Lebih kurang 99% dari keseluruhan kalsium tubuh kita berada di dalam tulang dan gigi, bila kadar kalsium darah turun di bawah normal, tubuh akan mengambilnya dari tulang untuk mengisinya lagi.
Seiring dengan bertambahnya usia, keseimbangang sistem mulai terganggu. Tulang kehilangan kalsium lebih cepat dibanding kemampuannya untuk mengisinya kembali. Alasan mengapa hal ini terjadi belum jelas. Secara umum dapat kita katakan bahwa osteoporosis terjadi saat fungsi penghancuran sel-sel tubuh lebih dominan dibanding fungsi pembentukan sel-sel tulang.
Kadar hormon tiroid dan paratiroid yang berlebihan dapat mengakibatkan hilangnya kalsium dalam jumlah yang lebih banyak. Obat-obat golongan steroid pun dapat mengakibatkan hilangnya kalsium dari tulang.

Pengobatan Osteoporosis
                Pencegahan adalah satu-satunya pengobatan utama. Bila tulang sudah mengalami osteoporosis, kita hanya bisa menjaganya agar tidak bertambah parah.
1.         Umum
·         Penuhi kebutuhan nutrisi yang dibutuhkan oleh tubuh
·         Upayakan mencapai berat tubuh yang ideal
·         Hilangkan kebiasaan merokok, mengkonsumsi alkohol dan kafein
·         Usahakan menghindari obat-obat yang yang dapat meningkatkan resiko osteoporosis
·         Rajin olahraga, yang bermanfaat untuk memelihara tulang. Otot yang kuat membuat tulang semakin kuat dan padat
·         Upayakan untuk mencegah terjadinya cedera (khususnya jatuh)
2.        Farmakoterapi
·         Pemberian suplemen kalsium, magnesium, dan vitamin D
·         Terapi pengganti hormon bila diperlukan
·         Obat-obat pengurang nyeri dan atau obat anti inflamasi non-steroid
·         Kalsitonin
·         Bifosfonat
3.        Fisioterapi
4.        Pembedahan
Salah satu cara terpenting untuk mencegah osteoporosis adalah konsumsi kalsium yang cukup. Berikut disajikan dosis kalsium yang diperlukan oleh tubuh menurut kelompok umur :
ü  Anak-anak, umur 1-10 tahun : 800mg kalsium/hari
ü  Remaja, umur 11-18 tahun : 1200mg kalsium/hari
ü  Remaja yang hamil : 1600mg kalsium/hari
ü  Wanita hamil, umur 19 tahun ke atas : 1200mg kalsium/hari
ü  Wanita menyusui : 1200 mg kalsium/hari
ü  Laki-laki dewasa, di bawah 65 tahun : 1000mg kalsium/hari
ü  Laki-laki dewasa, di atas 65 tahun : 1500mg kalsium/hari
ü  Perempuan dewasa, sebelum menopause : 1200mg kalsium/hari
ü  Perempuan dewasa, setelah menopause : 1500mg kalsium/hari
Vitamin D
                Salah satu fungsi vitamin D adalah membantu penyerapan kalsium dari usus. Sebagian penderita osteoporosis mempunyai kadar vitamin D yang rendah di tubuhnya sehingga absorbsi kalsium dari usus juga kurang. Vitamin D dibentuk di dalam tubuh dengan bantuan paparan sinar matahari atau didapatkan langsung dari makanan.

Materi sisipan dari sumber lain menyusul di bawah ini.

lemma card_pattern_matches_Cons_le:
  "card (pattern_matches (e#es) gs) \<le> card (pattern_matches es gs) +
     (\<Sum>k<length gs. if e \<in> gs!k then card (pattern_matches es (delete_at k gs)) else 0)"
proof -
  let ?A = "pattern_matches (e#es) gs"
  define A0 where "A0 = {ns\<in>?A. 0 \<notin> set ns}"
  define Ak where "Ak = (\<lambda>k. {ns\<in>?A. ns!k = 0})"
  have "?A \<subseteq> A0 \<union> (\<Union>k<length gs. Ak k)"
    unfolding A0_def Ak_def pattern_matches_def by (auto simp: in_set_conv_nth)
  then have "card ?A \<le> card (A0 \<union> (\<Union>k<length gs. Ak k))"
    by (rule card_mono[rotated]) (simp add: A0_def Ak_def finite_pattern_matches)
  also have "\<dots> \<le> card A0 + (\<Sum>k<length gs. card (Ak k))"
    using card_Un_le card_UN_le[of "{..<length gs}" Ak] by (meson add_left_mono finite_lessThan order_trans)
  also have "\<dots> \<le> card (pattern_matches es gs) +
      (\<Sum>k<length gs. if e \<in> gs!k then card (pattern_matches es (delete_at k gs)) else 0)"
  proof (intro add_mono sum_mono)
    show "card A0 \<le> card (pattern_matches es gs)"
      unfolding A0_def by (rule card_pattern_matches_avoiding_head_le)
    fix k assume k: "k \<in> {..<length gs}"
    show "card (Ak k) \<le> (if e \<in> gs!k then card (pattern_matches es (delete_at k gs)) else 0)"
    proof (cases "e \<in> gs!k")
      case True
      then show ?thesis unfolding Ak_def using card_pattern_matches_head_at_le k by simp
    next
      case False
      then have "Ak k = {}" using k unfolding Ak_def pattern_matches_def by force
      then show ?thesis by simp
    qed
  qed
  finally show ?thesis .
qed

lemma pattern_matches_Nil: "pattern_matches [] gs = (if gs = [] then {[]} else {})"
  unfolding pattern_matches_def by auto

lemma fact_binomial_step:
  fixes q :: real
  shows "fact l * real (K choose l) * q ^ l + real l * (fact (l - 1) * real (K choose (l - 1)) * q ^ (l - 1) * q)
       = fact l * real (Suc K choose l) * q ^ l"
proof (cases l)
  case 0
  then show ?thesis by simp
next
  case (Suc m)
  have "real (Suc m) * fact m = fact (Suc m)" by simp
  then show ?thesis unfolding Suc
    by (simp add: algebra_simps power_Suc)
qed

lemma nn_integral_card_pattern_matches_Suc_le:
  fixes p :: "(nat \<times> nat) pmf" and K :: nat
  defines "c \<equiv> \<lambda>gs. \<integral>\<^sup>+es. of_nat (card (pattern_matches es gs)) \<partial>replicate_pmf K p"
  shows "(\<integral>\<^sup>+es. of_nat (card (pattern_matches es gs)) \<partial>replicate_pmf (Suc K) p)
     \<le> c gs + (\<Sum>k<length gs. c (delete_at k gs) * emeasure (measure_pmf p) (gs ! k))"
proof -
  let ?l = "length gs"
  have "(\<integral>\<^sup>+es. of_nat (card (pattern_matches es gs)) \<partial>replicate_pmf (Suc K) p)
      = (\<integral>\<^sup>+e. \<integral>\<^sup>+es. of_nat (card (pattern_matches (e#es) gs)) \<partial>replicate_pmf K p \<partial>p)"
    by simp
  also have "\<dots> \<le> (\<integral>\<^sup>+e. \<integral>\<^sup>+es. (of_nat (card (pattern_matches es gs)) +
        (\<Sum>k<?l. indicator (gs!k) e * of_nat (card (pattern_matches es (delete_at k gs))))) \<partial>replicate_pmf K p \<partial>p)"
  proof (intro nn_integral_mono)
    fix e es
    have "of_nat (card (pattern_matches (e#es) gs)) \<le> (of_nat (card (pattern_matches es gs) +
       (\<Sum>k<?l. if e \<in> gs!k then card (pattern_matches es (delete_at k gs)) else 0)) :: ennreal)"
      using card_pattern_matches_Cons_le[of e es gs] by (simp only: of_nat_le_iff)
    also have "\<dots> = of_nat (card (pattern_matches es gs)) + (\<Sum>k<?l. indicator (gs!k) e * of_nat (card (pattern_matches es (delete_at k gs))))"
      unfolding of_nat_add of_nat_sum by (intro arg_cong2[where f="(+)"] refl sum.cong) (auto simp: indicator_def)
    finally show "of_nat (card (pattern_matches (e#es) gs)) \<le> (of_nat (card (pattern_matches es gs)) +
        (\<Sum>k<?l. indicator (gs!k) e * of_nat (card (pattern_matches es (delete_at k gs)))) :: ennreal)" .
  qed
  also have "\<dots> = (\<integral>\<^sup>+e. c gs + (\<Sum>k<?l. c (delete_at k gs) * indicator (gs!k) e) \<partial>p)"
    unfolding c_def by (simp add: nn_integral_add nn_integral_sum nn_integral_cmult mult.commute)
  also have "\<dots> = (\<integral>\<^sup>+e. c gs \<partial>p) + (\<integral>\<^sup>+e. (\<Sum>k<?l. c (delete_at k gs) * indicator (gs!k) e) \<partial>p)"
    by (rule nn_integral_add) auto
  also have "\<dots> = c gs + (\<Sum>k<?l. \<integral>\<^sup>+e. c (delete_at k gs) * indicator (gs!k) e \<partial>p)"
    by (subst nn_integral_sum) (simp_all add: measure_pmf.emeasure_space_1)
  also have "\<dots> = c gs + (\<Sum>k<?l. c (delete_at k gs) * emeasure (measure_pmf p) (gs ! k))"
    by (simp add: nn_integral_cmult_indicator)
  finally show ?thesis .
qed
lemma sum_bsc_hamming_eq_1:
  "(\<Sum>v | length v = length u. bsc \<rho> (length u) (hamming u v)) = 1"
proof (induction u)
  case Nil
  show ?case
    by (simp add: bsc_def hamming_def)
next
  case (Cons b u)
  let ?L = "{v :: bool list. length v = length u}"
  have words_Suc: "{v. length v = Suc (length u)} = (\<lambda>(c, v). c # v) ` (UNIV \<times> ?L)"
    by (auto simp: length_Suc_conv image_def)
  have "(\<Sum>v | length v = length (b # u). bsc \<rho> (length (b # u)) (hamming (b # u) v))
      = (\<Sum>c\<in>UNIV. \<Sum>v\<in>?L. bsc \<rho> (Suc (length u)) (hamming (b # u) (c # v)))"
    unfolding length_Cons words_Suc
    by (subst sum.reindex) (auto simp: inj_on_def case_prod_beta sum.cartesian_product)
  also have "\<dots> = (\<Sum>c\<in>UNIV. (if b = c then 1 - \<rho> else \<rho>) * (\<Sum>v\<in>?L. bsc \<rho> (length u) (hamming u v)))"
    by (simp add: bsc_Cons sum_distrib_left)
  also have "\<dots> = 1"
    using Cons.IH by (simp add: UNIV_bool)
  finally show ?case .
qed

lemma sum_cw_eq_1:
  assumes words: "bij_betw w I {xs. length xs = m}" and "k \<in> I"
  shows "(\<Sum>j\<in>I. cw \<rho> m w k j) = 1"
proof -
  have len: "length (w k) = m"
    using bij_betw_apply[OF words \<open>k \<in> I\<close>] by simp
  have "(\<Sum>j\<in>I. cw \<rho> m w k j) = (\<Sum>v | length v = m. bsc \<rho> m (hamming (w k) v))"
    unfolding cw_def by (rule sum.reindex_bij_betw[OF words])
  also have "\<dots> = 1"
    using sum_bsc_hamming_eq_1[where u = "w k"] len by simp
  finally show ?thesis .
qed
(* Let $m\ge1$, $0<\lambda_1\le\dots\le\lambda_m$, $0<\Lambda_0\le\Lambda_1$, and let $a,b$ be positive definite (symmetric) $m\times m$ matrices with $\Lambda_0I\le a,b\le\Lambda_1I$. Set $\theta=\Lambda_0^{-1}m\|a-b\|_s$. Then for all $t>0$, $$\Big|\frac{\det\widetilde b(t)}{\det\widetilde a(t)}-1\Big|\le\theta e^\theta.$$
   Context: $a(t)$ has entries $a_{ij}(1-e^{-(\lambda_i+\lambda_j)t})/(\lambda_i+\lambda_j)$; $g(t)$ is diagonal with $g_{ii}(t)=(1-e^{-2\lambda_it})/(2\lambda_i)$, $G(t)=g(t)^{-1}$; $\widetilde a(t)=G(t)^{1/2}a(t)G(t)^{1/2}$, and $\widetilde b(t)$ analogously from $b$. $\|c\|_s=\max\{\sup_i\sum_j|c_{ij}|,\sup_j\sum_i|c_{ij}|\}$. *)

theory Defs
  imports Complex_Main "Jordan_Normal_Form.Determinant"
begin

definition loewner_le :: "nat \<Rightarrow> real mat \<Rightarrow> real mat \<Rightarrow> bool" where
  "loewner_le m A B \<longleftrightarrow> (\<forall>v \<in> carrier_vec m. 0 \<le> v \<bullet> ((B - A) *\<^sub>v v))"

definition snorm :: "nat \<Rightarrow> real mat \<Rightarrow> real" where
  "snorm m c = max (Max {\<Sum>j<m. \<bar>c $$ (i,j)\<bar> | i. i < m})
                   (Max {\<Sum>i<m. \<bar>c $$ (i,j)\<bar> | j. j < m})"

definition mat_t :: "nat \<Rightarrow> (nat \<Rightarrow> real) \<Rightarrow> real mat \<Rightarrow> real \<Rightarrow> real mat" where
  "mat_t m lam a t = mat m m (\<lambda>(i,j). a $$ (i,j) * (1 - exp (-(lam i + lam j) * t)) / (lam i + lam j))"

definition g_t :: "nat \<Rightarrow> (nat \<Rightarrow> real) \<Rightarrow> real \<Rightarrow> real mat" where
  "g_t m lam t = mat_diag m (\<lambda>i. (1 - exp (-2 * lam i * t)) / (2 * lam i))"

definition G_half :: "nat \<Rightarrow> (nat \<Rightarrow> real) \<Rightarrow> real \<Rightarrow> real mat" where
  "G_half m lam t = mat_diag m (\<lambda>i. sqrt (1 / (g_t m lam t $$ (i,i))))"

definition tilde_t :: "nat \<Rightarrow> (nat \<Rightarrow> real) \<Rightarrow> real mat \<Rightarrow> real \<Rightarrow> real mat" where
  "tilde_t m lam a t = G_half m lam t * mat_t m lam a t * G_half m lam t"

end

theory Submission imports Defs begin
lemma Ohat_zero [simp]: "(\<lambda>n. 0) \<in> Ohat K" and Ohat_one [simp]: "(\<lambda>n. 1) \<in> Ohat K"
  by (auto intro: Ohat_const)

lemma ohat_eqI: "(\<And>n. n > 0 \<Longrightarrow> a n - b n \<in> scaleO K n) \<Longrightarrow> ohat_eq K a b"
  unfolding ohat_eq_def by blast

lemma ohat_eqD: "ohat_eq K a b \<Longrightarrow> n > 0 \<Longrightarrow> a n - b n \<in> scaleO K n"
  unfolding ohat_eq_def by blast

lemma ohat_eq_pointwise: "(\<And>n. n > 0 \<Longrightarrow> a n = b n) \<Longrightarrow> ohat_eq K a b"
  by (rule ohat_eqI) simp

lemma ohat_eq_refl [simp]: "ohat_eq K a a"
  by (rule ohat_eq_pointwise) simp

lemma ohat_eq_sym: "ohat_eq K a b \<Longrightarrow> ohat_eq K b a"
  unfolding ohat_eq_def by (metis minus_diff_eq scaleO_minus)

lemma ohat_eq_add:
  "ohat_eq K a a' \<Longrightarrow> ohat_eq K b b' \<Longrightarrow> ohat_eq K (\<lambda>n. a n + b n) (\<lambda>n. a' n + b' n)"
  unfolding ohat_eq_def by (auto simp: add_diff_add scaleO_add)

lemma ohat_eq_cmult: "c \<in> \<O> \<Longrightarrow> ohat_eq K a a' \<Longrightarrow> ohat_eq K (\<lambda>n. c * a n) (\<lambda>n. c * a' n)"
  unfolding ohat_eq_def by (metis right_diff_distrib scaleO_mult)

lemma ohat_eq_mult:
  assumes "a' \<in> Ohat K" "b \<in> Ohat K" "ohat_eq K a a'" "ohat_eq K b b'"
  shows "ohat_eq K (\<lambda>n. a n * b n) (\<lambda>n. a' n * b' n)"
proof (rule ohat_eqI)
  fix n :: nat assume n: "n > 0"
  have "a n * b n - a' n * b' n = b n * (a n - a' n) + a' n * (b n - b' n)" by (simp add: algebra_simps)
  thus "a n * b n - a' n * b' n \<in> scaleO K n"
    using assms n by (metis Ohat_in_ring_of_integers ohat_eqD scaleO_add scaleO_mult)
qed

lemma ohat_eq_iff_diff: "ohat_eq K a b \<longleftrightarrow> ohat_eq K (\<lambda>n. a n - b n) (\<lambda>n. 0)"
  unfolding ohat_eq_def by simp

text \<open>\<open>Ohat K\<close> is torsion free: \<open>D a \<in> n \<O>\<close> at level \<open>D n\<close> gives \<open>a (D n) \<in> n \<O>\<close>, and \<open>a n \<equiv> a (D n)\<close>.\<close>
lemma ohat_eq_zero_cancel:
  assumes a: "a \<in> Ohat K" and D: "D > 0" and Da: "ohat_eq K (\<lambda>n. of_nat D * a n) (\<lambda>n. 0)"
  shows "ohat_eq K a (\<lambda>n. 0)"
proof (rule ohat_eqI)
  fix n :: nat assume n: "n > 0"
  have "of_nat D * a (D * n) \<in> scaleO K (D * n)" using ohat_eqD[OF Da, of "D*n"] n D by simp
  hence "a (D * n) \<in> scaleO K n" using scaleO_cancel n D by blast
  moreover have "a (D * n) - a n \<in> scaleO K n" using Ohat_compatible[OF a n, of "D*n"] n D by simp
  ultimately have "a (D * n) - (a (D * n) - a n) \<in> scaleO K n" using scaleO_diff n by blast
  thus "a n - 0 \<in> scaleO K n" by simp
qed

lemma ohat_eq_cancel:
  assumes "a \<in> Ohat K" "b \<in> Ohat K" "D > 0" "ohat_eq K (\<lambda>n. of_nat D * a n) (\<lambda>n. of_nat D * b n)"
  shows "ohat_eq K a b"
proof -
  have "ohat_eq K (\<lambda>n. of_nat D * (a n - b n)) (\<lambda>n. 0)"
    using assms(4) unfolding ohat_eq_def by (simp add: algebra_simps)
  thus ?thesis
    using ohat_eq_zero_cancel[OF Ohat_diff[OF assms(1,2)] assms(3)] ohat_eq_iff_diff by blast
qed

lemma ohat_eq_zero_if_divisible:
  assumes "\<And>m. m > 0 \<Longrightarrow> \<exists>\<delta>\<in>Ohat K. ohat_eq K a (\<lambda>n. of_nat m * \<delta> n)"
  shows "ohat_eq K a (\<lambda>n. 0)"
proof (rule ohat_eqI)
  fix n :: nat assume n: "n > 0"
  obtain \<delta> where \<delta>: "\<delta> \<in> Ohat K" "ohat_eq K a (\<lambda>k. of_nat n * \<delta> k)" using assms n by blast
  have "a n - of_nat n * \<delta> n \<in> scaleO K n" using ohat_eqD[OF \<delta>(2) n] by simp
  moreover have "of_nat n * \<delta> n \<in> scaleO K n"
    using of_nat_mult_in_scaleO[OF n Ohat_in_ring_of_integers[OF \<delta>(1) n]] .
  ultimately show "a n - 0 \<in> scaleO K n" using scaleO_add[OF n] by fastforce
qed
text \<open>G(z) = r (1 - (1 - 1/z)^(1/r)) with the principal power (complex powr uses principal Ln).\<close>
definition G_fun :: "real \<Rightarrow> complex \<Rightarrow> complex" where
  "G_fun r z = complex_of_real r * (1 - (1 - 1 / z) powr complex_of_real (1 / r))"

end

theory Submission
  imports Defs
begin

(*
  Write a = 1/r \<in> (0,1) and F for the Cauchy transform of the measure mu = beta_measure r.
  The proof identifies F by the first-order differential equation it satisfies.

  1. mu is a probability measure: its total mass is c * Beta(1-a, 1+a), and Euler's
     reflection formula gives Beta(1-a, 1+a) = a pi / sin(pi a) = 1/c.
  2. For every probability measure on the real line the Cauchy transform is bounded by
     1/Im z, holomorphic on the upper half-plane with F' = -Q, where
     Q z = \<integral> 1/(z-x)^2, and F(i y) \<rightarrow> 0 as y \<rightarrow> \<infinity>.
  3. Integration by parts against the beta density, i.e. the fundamental theorem of
     calculus applied to x^(1-a) (1-x)^(1+a) * (-1/(z-x)), yields z(z-1) Q z = 1 - a F z,
     hence the ODE  z(z-1) F' z = a F z - 1.
  4. On the upper half-plane every solution of this ODE that vanishes at i\<infinity> is
     (1 - (1 - 1/z)^a)/a: the quantity (1 - a F z) (1 - 1/z)^(-a) has derivative zero,
     so it is constant, and its limit along the imaginary axis is 1.
  The main theorem combines steps 1-4.
*)

section \<open>The beta density\<close>

text \<open>For r > 1 the density is c x^(-a) (1-x)^a on [0,1] (the endpoints are null sets, so
  including them is harmless and matches the Beta integral of the library).\<close>

lemma beta_dens_eq:
  assumes "1 < r"
  shows "beta_dens r x =
    indicator {0..1} x * (r * sin (pi / r) / pi * (x powr (- (1/r)) * (1 - x) powr (1/r)))"
  using assms by (auto simp: beta_dens_def indicator_def)

lemma sin_pi_div_pos: "1 < r \<Longrightarrow> 0 < sin (pi / r)"
  by (intro sin_gt_zero) (auto simp: field_simps)

lemma beta_dens_nonneg: "1 < r \<Longrightarrow> 0 \<le> beta_dens r x"
  using sin_pi_div_pos[of r] by (auto simp: beta_dens_def)

lemma borel_measurable_beta_dens: "beta_dens r \<in> borel_measurable borel"
  unfolding beta_dens_def by measurable

lemma sets_beta_measure: "sets (beta_measure r) = sets borel"
  by (simp add: beta_measure_def)

lemma Beta_one_minus_one_plus:
  fixes a :: real assumes "0 < a" "a < 1"
  shows "Beta (1 - a) (1 + a) = a * pi / sin (pi * a)"
proof -
  have "complex_of_real (Gamma a * Gamma (1 - a))
          = Gamma (complex_of_real a) * Gamma (1 - complex_of_real a)"
    using Gamma_complex_of_real[of "1 - a"] by (simp add: Gamma_complex_of_real)
  also have "\<dots> = of_real pi / sin (of_real pi * of_real a)"
    by (rule Gamma_reflection_complex)
  also have "sin (of_real pi * of_real a) = complex_of_real (sin (pi * a))"
    by (metis of_real_mult sin_of_real)
  finally have reflection: "Gamma a * Gamma (1 - a) = pi / sin (pi * a)"
    by (metis of_real_divide of_real_eq_iff)
  have "a \<notin> \<int>\<^sub>\<le>\<^sub>0" using assms nonpos_Ints_nonpos by fastforce
  then have "Gamma (1 + a) = a * Gamma a"
    using Gamma_plus1[of a] by (simp add: add.commute)
  moreover have "Gamma (2::real) = 1"
    using Gamma_fact[of 1] by simp
  ultimately show ?thesis
    using reflection by (simp add: Beta_def field_simps)
qed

Dosis harian vitamin D adalah 400 IU. Dosis ini dapat ditingkatkan hingga 800 IU, terutama jika anda tidak cukup mendapat vitamin D dari makanan atau kurang terpapar sinar matahari. Tetapi ingat, jangan mengkonsumsi lebih dari angka ini, kecuali dokter anda menganjurkannya.